It’s Right in Front of You!
I have completed teaching a class for the South County Art Association called 'Snapshots to Great Shots'. Originally, the curriculum was conceived to expand technical knowledge and craftsmanship, so that images could be more technically refined. However, what if the vision also needed to be honed? After all, we must know what the subject of the image is, and how we feel about the subject in order to capture the essence. So, the class morphed into developing awareness and patience.
As I teach - I learn, and this class has been a great vehicle for my own explorations.
In taking more time to consider our process in the field, I can only speak from my own experience. Going out with great expectations of the images to be made can be a trap. After the original capture, what do we do? It is so easy to miss the obvious connection, the quiet & mundane, or the what is behind me. Fortunately, as I stood on Monhegan Island, a rock in the middle of the Atlantic Ocean, surrounded by stars this was not the case. The night was dark and moonless, the Milky Way bright and centered. And after capturing the Milky Way, what more could be done? It was in the act of looking for more possibilities, by turning around that “Night Light” was captured.
Sometimes, we miss the essence because there's not enough time to thoroughly ‘vet’ the possibilities. Perhaps it was hidden in the darkness. Or, the expected image loomed so large that it was a ‘one and done’, without taking the opportunity to explore different points of view, orientation, or waiting for the light to change. Often, the inclination to include more in the frame than is necessary is a result of not taking the time to truly identify the thing that draws one to the subject in the first place. I have made all of these mistakes.

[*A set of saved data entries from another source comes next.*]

(* Let $K_n$, $C_n$ and $W_n$ be, respectively, the complete graph, the cycle and the wheel on $n\geq 3$ vertices. Then for every integer $k$ with $3\leq k\leq n$, $px_k(K_n)=px_k(C_n)=px_k(W_n)=2$.
   Context: All graphs are finite, simple, undirected and connected. An edge-coloring of a graph assigns a color to each edge (adjacent edges may receive the same color). A tree in an edge-colored graph is proper if any two adjacent edges of the tree receive different colors. For $S\subseteq V(G)$, an $S$-tree is a subgraph of $G$ that is a tree containing all vertices of $S$. For a connected graph $G$ of order $n$ and an integer $k$ with $2\le k\le n$, an edge-coloring of $G$ is a $k$-proper coloring if for every set $S$ of $k$ vertices of $G$ there exists a proper $S$-tree in $G$. The $k$-proper index $px_k(G)$ is the minimum number of colors used in a $k$-proper coloring of $G$. The wheel $W_n$ on $n$ vertices consists of a cycle on $n-1$ vertices together with one additional vertex adjacent to all vertices of that cycle. *)

theory Defs
  imports Main
begin

definition adj :: "'a set set \<Rightarrow> 'a \<Rightarrow> 'a \<Rightarrow> bool" where
  "adj E u v \<longleftrightarrow> {u, v} \<in> E \<and> u \<noteq> v"

definition simple_graph :: "'a set \<Rightarrow> 'a set set \<Rightarrow> bool" where
  "simple_graph V E \<longleftrightarrow> finite V \<and> (\<forall>e\<in>E. \<exists>u v. u \<in> V \<and> v \<in> V \<and> u \<noteq> v \<and> e = {u, v})"

definition connected_graph :: "'a set \<Rightarrow> 'a set set \<Rightarrow> bool" where
  "connected_graph V E \<longleftrightarrow> V \<noteq> {} \<and> (\<forall>u\<in>V. \<forall>v\<in>V. (adj E)\<^sup>*\<^sup>* u v)"

definition has_cycle :: "'a set \<Rightarrow> 'a set set \<Rightarrow> bool" where
  "has_cycle V E \<longleftrightarrow> (\<exists>xs. length xs \<ge> 3 \<and> distinct xs \<and> set xs \<subseteq> V \<and>
      (\<forall>i < length xs. {xs ! i, xs ! ((i + 1) mod length xs)} \<in> E))"

definition is_tree :: "'a set \<Rightarrow> 'a set set \<Rightarrow> bool" where
  "is_tree V E \<longleftrightarrow> simple_graph V E \<and> connected_graph V E \<and> \<not> has_cycle V E"

definition subgraph :: "'a set \<Rightarrow> 'a set set \<Rightarrow> 'a set \<Rightarrow> 'a set set \<Rightarrow> bool" where
  "subgraph H F V E \<longleftrightarrow> H \<subseteq> V \<and> F \<subseteq> E \<and> (\<forall>e\<in>F. e \<subseteq> H)"

definition proper_edges :: "('a set \<Rightarrow> nat) \<Rightarrow> 'a set set \<Rightarrow> bool" where
  "proper_edges c F \<longleftrightarrow> (\<forall>e\<in>F. \<forall>f\<in>F. e \<noteq> f \<and> e \<inter> f \<noteq> {} \<longrightarrow> c e \<noteq> c f)"

definition proper_S_tree ::
  "'a set \<Rightarrow> 'a set set \<Rightarrow> ('a set \<Rightarrow> nat) \<Rightarrow> 'a set \<Rightarrow> bool" where
  "proper_S_tree V E c S \<longleftrightarrow> (\<exists>H F. subgraph H F V E \<and> is_tree H F \<and> S \<subseteq> H \<and> proper_edges c F)"

definition k_proper_coloring :: "nat \<Rightarrow> 'a set \<Rightarrow> 'a set set \<Rightarrow> ('a set \<Rightarrow> nat) \<Rightarrow> bool" where
  "k_proper_coloring k V E c \<longleftrightarrow> (\<forall>S. S \<subseteq> V \<and> card S = k \<longrightarrow> proper_S_tree V E c S)"

definition px :: "nat \<Rightarrow> 'a set \<Rightarrow> 'a set set \<Rightarrow> nat" where
  "px k V E = (LEAST m. \<exists>c. k_proper_coloring k V E c \<and> card (c ` E) = m)"

definition complete_graph :: "nat \<Rightarrow> nat set set" where
  "complete_graph n = {{i, j} | i j. i < n \<and> j < n \<and> i \<noteq> j}"

definition cycle_graph :: "nat \<Rightarrow> nat set set" where
  "cycle_graph n = {{i, (i + 1) mod n} | i. i < n}"

definition wheel_graph :: "nat \<Rightarrow> nat set set" where
  "wheel_graph n = cycle_graph (n - 1) \<union> {{i, n - 1} | i. i < n - 1}"

end

theory Submission
  imports Defs
begin

text \<open>Lower bound: a connected graph on three distinct vertices cannot have pairwise disjoint
  edges, since in a matching every vertex reaches only itself and its partner; so two edges of
  any S-tree with \<open>|S| \<ge> 3\<close> meet and need different colours. Upper bound: each of the three graphs contains the Hamiltonian path
  \<open>0 - 1 - \<dots> - (n-1)\<close>, a spanning tree that contains every vertex set S and is properly
  coloured by the parity of the smaller endpoint of an edge.\<close>

lemma matching_reachable_imp_edge:
  assumes matching: "\<forall>e\<in>F. \<forall>f\<in>F. e \<noteq> f \<longrightarrow> e \<inter> f = {}"
    and "(adj F)\<^sup>*\<^sup>* a v"
  shows "v = a \<or> {a, v} \<in> F"
  using \<open>(adj F)\<^sup>*\<^sup>* a v\<close>
proof induction
  case base
  then show ?case by simp
next
  case (step v w)
  then have vw: "{v, w} \<in> F" "v \<noteq> w" by (auto simp: adj_def)
  show ?case
  proof (cases "v = a")
    case True
    then show ?thesis using vw by simp
  next
    case False
    with step have av: "{a, v} \<in> F" by simp
    have "{a, v} = {v, w}" using matching[rule_format, OF av vw(1)] by auto
    with vw have "w = a" by (auto simp: doubleton_eq_iff)
    then show ?thesis by simp
  qed
qed

lemma connected_graph_three_vertices_imp_meeting_edges:
  assumes "connected_graph H F" "a \<in> H" "b \<in> H" "d \<in> H" "a \<noteq> b" "a \<noteq> d" "b \<noteq> d"
  shows "\<exists>e\<in>F. \<exists>f\<in>F. e \<noteq> f \<and> e \<inter> f \<noteq> {}"
proof (rule ccontr)
  assume "\<not> ?thesis"
  then have matching: "\<forall>e\<in>F. \<forall>f\<in>F. e \<noteq> f \<longrightarrow> e \<inter> f = {}" by blast
  have "(adj F)\<^sup>*\<^sup>* a b" "(adj F)\<^sup>*\<^sup>* a d"
    using assms by (auto simp: connected_graph_def)
  then have "b = a \<or> {a, b} \<in> F" "d = a \<or> {a, d} \<in> F"
    by (simp_all add: matching_reachable_imp_edge[OF matching])
  then have ab: "{a, b} \<in> F" and ad: "{a, d} \<in> F" using assms(5,6) by auto
  have "{a, b} \<noteq> {a, d}" using assms(7) by (auto simp: doubleton_eq_iff)
  with matching[rule_format, OF ab ad] show False by simp
qed

lemma k_proper_coloring_card_colours_ge_2:
  assumes "k_proper_coloring k V E c" "finite E" "3 \<le> k" "k \<le> card V"
  shows "2 \<le> card (c ` E)"
proof -
  obtain S where S: "S \<subseteq> V" "card S = k"
    using obtain_subset_with_card_n[OF assms(4)] by blast
  then obtain H F where HF: "subgraph H F V E" "is_tree H F" "S \<subseteq> H" "proper_edges c F"
    using assms(1) by (auto simp: k_proper_coloring_def proper_S_tree_def)
  obtain T where "T \<subseteq> S" "card T = 3"
    using obtain_subset_with_card_n[of 3 S] S(2) assms(3) by blast
  then obtain a b d where "{a, b, d} \<subseteq> H" "a \<noteq> b" "a \<noteq> d" "b \<noteq> d"
    using HF(3) unfolding card_3_iff by blast
  moreover have "connected_graph H F" using HF(2) by (simp add: is_tree_def)
  ultimately obtain e f where ef: "e \<in> F" "f \<in> F" "e \<noteq> f" "e \<inter> f \<noteq> {}"
    using connected_graph_three_vertices_imp_meeting_edges by (metis insert_subset)
  with HF(4) have "c e \<noteq> c f" by (auto simp: proper_edges_def)
  moreover have "e \<in> E" "f \<in> E" using HF(1) ef by (auto simp: subgraph_def)
  ultimately have "{c e, c f} \<subseteq> c ` E" "card {c e, c f} = 2" by auto
  then show ?thesis using assms(2) by (metis card_mono finite_imageI)
qed

lemma k_proper_coloring_if_proper_spanning_tree:
  assumes "T \<subseteq> E" "\<forall>e\<in>T. e \<subseteq> V" "is_tree V T" "proper_edges c T"
  shows "k_proper_coloring k V E c"
  unfolding k_proper_coloring_def proper_S_tree_def subgraph_def
  using assms by blast

definition path_graph :: "nat \<Rightarrow> nat set set" where
  "path_graph n = {{i, Suc i} | i. Suc i < n}"

lemma path_graph_edge_iff: "{x, y} \<in> path_graph n \<longleftrightarrow> (y = Suc x \<or> x = Suc y) \<and> max x y < n"
  by (auto simp: path_graph_def doubleton_eq_iff)

lemma path_graph_lower_neighbour_unique:
  assumes "{a, x} \<in> path_graph n" "{b, x} \<in> path_graph n" "a \<le> x" "b \<le> x"
  shows "a = b"
  using assms by (auto simp: path_graph_edge_iff)

lemma path_graph_acyclic: "\<not> has_cycle V (path_graph n)"
proof
  assume "has_cycle V (path_graph n)"
  then obtain xs where xs: "length xs \<ge> 3" "distinct xs"
    "\<forall>i < length xs. {xs ! i, xs ! ((i + 1) mod length xs)} \<in> path_graph n"
    by (auto simp: has_cycle_def)
  define m where "m = length xs"
  define M where "M = Max (set xs)"
  have "m \<ge> 3" using xs(1) by (simp add: m_def)
  have "xs \<noteq> []" using xs(1) by auto
  then have "M \<in> set xs" by (simp add: M_def)
  then obtain i where i: "i < m" "xs ! i = M" by (auto simp: in_set_conv_nth m_def)
  \<comment> \<open>The maximum of the cycle has a successor \<open>xs ! j\<close> and a predecessor \<open>xs ! l\<close>; both are
    path neighbours below it, hence equal, contradicting distinctness since \<open>m \<ge> 3\<close>.\<close>
  define j where "j = (i + 1) mod m"
  define l where "l = (if i = 0 then m - 1 else i - 1)"
  have "j < m" "l < m" using i \<open>m \<ge> 3\<close> by (auto simp: j_def l_def)
  have "(l + 1) mod m = i" using i \<open>m \<ge> 3\<close> by (auto simp: l_def)
  have "j \<noteq> l"
    using i \<open>m \<ge> 3\<close> by (cases "i = m - 1") (auto simp: j_def l_def)
  have "{xs ! j, M} \<in> path_graph n"
    using xs(3) i by (auto simp: j_def m_def insert_commute)
  moreover have "{xs ! l, M} \<in> path_graph n"
    using xs(3) \<open>l < m\<close> \<open>(l + 1) mod m = i\<close> i by (metis m_def)
  moreover have "xs ! j \<le> M" "xs ! l \<le> M"
    using \<open>j < m\<close> \<open>l < m\<close> by (simp_all add: M_def m_def)
  ultimately have "xs ! j = xs ! l" by (rule path_graph_lower_neighbour_unique)
  then show False
    using xs(2) \<open>j < m\<close> \<open>l < m\<close> \<open>j \<noteq> l\<close> by (simp add: nth_eq_iff_index_eq m_def)
qed

lemma path_graph_reachable_from_0:
  assumes "u < n"
  shows "(adj (path_graph n))\<^sup>*\<^sup>* 0 u"
  using assms
proof (induction u)
  case 0
  then show ?case by simp
next
  case (Suc u)
  then have "adj (path_graph n) u (Suc u)" by (auto simp: adj_def path_graph_def)
  with Suc show ?case by (simp add: rtranclp.rtrancl_into_rtrancl)
qed

lemma symp_adj: "symp (adj E)"
  by (auto intro: sympI simp: adj_def insert_commute)

lemma is_tree_path_graph:
  assumes "n \<ge> 1"
  shows "is_tree {0..<n} (path_graph n)"
  unfolding is_tree_def
proof (intro conjI)
  show "simple_graph {0..<n} (path_graph n)"
    unfolding simple_graph_def
  proof (intro conjI ballI)
    fix e assume "e \<in> path_graph n"
    then obtain i where "e = {i, Suc i}" "Suc i < n" by (auto simp: path_graph_def)
    then show "\<exists>u v. u \<in> {0..<n} \<and> v \<in> {0..<n} \<and> u \<noteq> v \<and> e = {u, v}"
      by (intro exI[of _ i] exI[of _ "Suc i"]) simp
  qed simp
  have "(adj (path_graph n))\<^sup>*\<^sup>* u v" if "u < n" "v < n" for u v
  proof -
    have "(adj (path_graph n))\<^sup>*\<^sup>* u 0"
      using path_graph_reachable_from_0[OF \<open>u < n\<close>] by (simp add: symp_adj symp_rtranclp sympD)
    then show ?thesis
      using path_graph_reachable_from_0[OF \<open>v < n\<close>] by (rule rtranclp_trans)
  qed
  then show "connected_graph {0..<n} (path_graph n)"
    using assms by (auto simp: connected_graph_def)
  show "\<not> has_cycle {0..<n} (path_graph n)" by (rule path_graph_acyclic)
qed

definition parity_colouring :: "nat set \<Rightarrow> nat" where
  "parity_colouring e = Min e mod 2"

lemma proper_edges_parity_colouring_path_graph:
  "proper_edges parity_colouring (path_graph n)"
  unfolding proper_edges_def
proof (intro ballI impI)
  fix e f assume "e \<in> path_graph n" "f \<in> path_graph n" and meet: "e \<noteq> f \<and> e \<inter> f \<noteq> {}"
  then obtain i j where ij: "e = {i, Suc i}" "f = {j, Suc j}" by (auto simp: path_graph_def)
  with meet have "j = Suc i \<or> i = Suc j" by auto
  then have "i mod 2 \<noteq> j mod 2" by (auto simp: mod_Suc split: if_splits)
  then show "parity_colouring e \<noteq> parity_colouring f"
    using ij by (simp add: parity_colouring_def)
qed

lemma card_parity_colouring_image:
  assumes "path_graph n \<subseteq> E" "\<forall>e\<in>E. e \<subseteq> {0..<n}" "n \<ge> 3"
  shows "card (parity_colouring ` E) = 2"
proof -
  have "{0, 1} \<in> E" "{1, 2} \<in> E"
    using assms(1,3) by (auto simp: path_graph_edge_iff)
  then have "parity_colouring {0, 1} \<in> parity_colouring ` E"
    "parity_colouring {1, 2} \<in> parity_colouring ` E" by blast+
  then have "parity_colouring ` E = {0, 1}"
    by (auto simp: parity_colouring_def)
  then show ?thesis by simp
qed

lemma px_eq_2_if_path_graph_subset:
  assumes "path_graph n \<subseteq> E" "\<forall>e\<in>E. e \<subseteq> {0..<n}" "3 \<le> k" "k \<le> n"
  shows "px k {0..<n} E = 2"
  unfolding px_def
proof (rule Least_equality)
  have "\<forall>e\<in>path_graph n. e \<subseteq> {0..<n}" using assms(1,2) by blast
  then have "k_proper_coloring k {0..<n} E parity_colouring"
    using assms is_tree_path_graph[of n] proper_edges_parity_colouring_path_graph[of n]
    by (intro k_proper_coloring_if_proper_spanning_tree[where T = "path_graph n"]) auto
  moreover have "card (parity_colouring ` E) = 2"
    using card_parity_colouring_image[OF assms(1,2)] assms(3,4) by simp
  ultimately show "\<exists>c. k_proper_coloring k {0..<n} E c \<and> card (c ` E) = 2" by blast
next
  have "finite E" using assms(2) by (auto intro: finite_subset[of _ "Pow {0..<n}"])
  then show "2 \<le> m" if "\<exists>c. k_proper_coloring k {0..<n} E c \<and> card (c ` E) = m" for m
    using that assms(3,4) k_proper_coloring_card_colours_ge_2[of k "{0..<n}" E] by auto
qed

lemma path_graph_subset_complete_graph: "path_graph n \<subseteq> complete_graph n"
  by (force simp: path_graph_def complete_graph_def)

lemma path_graph_subset_cycle_graph: "path_graph n \<subseteq> cycle_graph n"
  by (force simp: path_graph_def cycle_graph_def)

lemma path_graph_subset_wheel_graph: "path_graph n \<subseteq> wheel_graph n"
proof
  fix e assume "e \<in> path_graph n"
  then obtain i where e: "e = {i, Suc i}" "Suc i < n" by (auto simp: path_graph_def)
  show "e \<in> wheel_graph n"
  proof (cases "Suc i < n - 1")
    case True
    then have "e \<in> cycle_graph (n - 1)" using e
      by (auto simp: cycle_graph_def intro!: exI[of _ i])
    then show ?thesis by (simp add: wheel_graph_def)
  next
    case False
    then show ?thesis using e by (auto simp: wheel_graph_def)
  qed
qed

lemma cycle_graph_edges_subset: "n \<ge> 1 \<Longrightarrow> \<forall>e\<in>cycle_graph n. e \<subseteq> {0..<n}"
  by (auto simp: cycle_graph_def)

lemma wheel_graph_edges_subset:
  assumes "n \<ge> 2"
  shows "\<forall>e\<in>wheel_graph n. e \<subseteq> {0..<n}"
proof -
  have "\<forall>e\<in>cycle_graph (n - 1). e \<subseteq> {0..<n - 1}"
    using cycle_graph_edges_subset[of "n - 1"] assms by simp
  then show ?thesis unfolding wheel_graph_def by fastforce
qed

theorem mainTheorem8:
  fixes n k :: nat
  assumes "n \<ge> 3" and "3 \<le> k" and "k \<le> n"
  shows "px k {0..<n} (complete_graph n) = 2
       \<and> px k {0..<n} (cycle_graph n) = 2
       \<and> px k {0..<n} (wheel_graph n) = 2"
proof (intro conjI)
  show "px k {0..<n} (complete_graph n) = 2"
    using path_graph_subset_complete_graph assms
    by (intro px_eq_2_if_path_graph_subset) (auto simp: complete_graph_def)
  show "px k {0..<n} (cycle_graph n) = 2"
    using path_graph_subset_cycle_graph cycle_graph_edges_subset assms
    by (intro px_eq_2_if_path_graph_subset) auto
  show "px k {0..<n} (wheel_graph n) = 2"
    using path_graph_subset_wheel_graph wheel_graph_edges_subset assms
    by (intro px_eq_2_if_path_graph_subset) auto
qed

end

In taking time and being patient for the subject to reveal itself, many options can be practiced; experimenting with different shutter speeds, depths of field, orientation and camera to subject distance are all avenues of visual exploration.
There are those scenes that can be mined over and over again, given adequate time. Hopefully, we can put aside our agendas and create meaningful images.
The object is production of quality images rather than quantities of snapshots.
Taking time to truly identify what draws you to the scene in the first place may illuminate details initially undiscovered.
The goal is to find that place of authenticity, the well of my unique truth. This is where my growth is happening. I continue to learn as I by lead my students down this path.
This means developing the practice being aware of that which I have not considered, though it may be right in front of me. It is in living the experience of making the photograph, with this excitement, that I move forward on my creative journey.